| Task prompt |
Beginning with the very first line, please reproduce the entries exactly through the line containing "using k by (simp".
────────────────────
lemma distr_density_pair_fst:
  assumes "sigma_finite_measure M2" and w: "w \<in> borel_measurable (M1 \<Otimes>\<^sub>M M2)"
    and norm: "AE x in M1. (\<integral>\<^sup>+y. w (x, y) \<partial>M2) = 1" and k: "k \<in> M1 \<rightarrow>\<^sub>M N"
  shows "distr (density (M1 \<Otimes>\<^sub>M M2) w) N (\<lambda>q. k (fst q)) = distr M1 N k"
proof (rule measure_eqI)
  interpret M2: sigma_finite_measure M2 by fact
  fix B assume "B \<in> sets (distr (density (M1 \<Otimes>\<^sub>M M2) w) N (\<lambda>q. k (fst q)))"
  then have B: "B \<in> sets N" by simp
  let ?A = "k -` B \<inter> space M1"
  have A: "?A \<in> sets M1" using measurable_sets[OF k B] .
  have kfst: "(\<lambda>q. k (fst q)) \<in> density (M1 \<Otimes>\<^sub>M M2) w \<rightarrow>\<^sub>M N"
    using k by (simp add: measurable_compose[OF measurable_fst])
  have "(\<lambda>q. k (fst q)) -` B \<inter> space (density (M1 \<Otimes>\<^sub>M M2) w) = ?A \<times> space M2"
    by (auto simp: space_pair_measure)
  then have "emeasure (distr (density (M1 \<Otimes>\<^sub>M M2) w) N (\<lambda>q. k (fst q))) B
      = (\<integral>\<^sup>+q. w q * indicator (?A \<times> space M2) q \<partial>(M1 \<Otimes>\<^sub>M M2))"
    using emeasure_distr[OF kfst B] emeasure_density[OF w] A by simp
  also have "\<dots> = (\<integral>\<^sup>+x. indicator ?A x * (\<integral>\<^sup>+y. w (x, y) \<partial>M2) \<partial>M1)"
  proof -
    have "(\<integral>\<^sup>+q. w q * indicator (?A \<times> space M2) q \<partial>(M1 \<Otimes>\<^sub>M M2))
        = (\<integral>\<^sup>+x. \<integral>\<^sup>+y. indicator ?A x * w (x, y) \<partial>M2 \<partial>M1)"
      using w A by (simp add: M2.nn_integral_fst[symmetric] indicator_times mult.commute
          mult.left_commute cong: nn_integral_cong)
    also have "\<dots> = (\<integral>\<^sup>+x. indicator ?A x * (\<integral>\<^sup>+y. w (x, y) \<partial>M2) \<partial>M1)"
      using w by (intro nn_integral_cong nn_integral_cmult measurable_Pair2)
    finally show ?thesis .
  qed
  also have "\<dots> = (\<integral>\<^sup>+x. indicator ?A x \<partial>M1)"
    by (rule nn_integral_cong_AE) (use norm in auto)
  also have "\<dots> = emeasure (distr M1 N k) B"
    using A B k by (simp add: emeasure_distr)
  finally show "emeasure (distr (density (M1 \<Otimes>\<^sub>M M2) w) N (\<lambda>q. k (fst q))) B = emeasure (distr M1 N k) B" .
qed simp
────────────────────
| Output |
lemma distr_density_pair_fst:
  assumes "sigma_finite_measure M2" and w: "w \<in> borel_measurable (M1 \<Otimes>\<^sub>M M2)"
    and norm: "AE x in M1. (\<integral>\<^sup>+y. w (x, y) \<partial>M2) = 1" and k: "k \<in> M1 \<rightarrow>\<^sub>M N"
  shows "distr (density (M1 \<Otimes>\<^sub>M M2) w) N (\<lambda>q. k (fst q)) = distr M1 N k"
proof (rule measure_eqI)
  interpret M2: sigma_finite_measure M2 by fact
  fix B assume "B \<in> sets (distr (density (M1 \<Otimes>\<^sub>M M2) w) N (\<lambda>q. k (fst q)))"
  then have B: "B \<in> sets N" by simp
  let ?A = "k -` B \<inter> space M1"
  have A: "?A \<in> sets M1" using measurable_sets[OF k B] .
  have kfst: "(\<lambda>q. k (fst q)) \<in> density (M1 \<Otimes>\<^sub>M M2) w \<rightarrow>\<^sub>M N"
    using k by (simp add: measurable_compose[OF measurable_fst])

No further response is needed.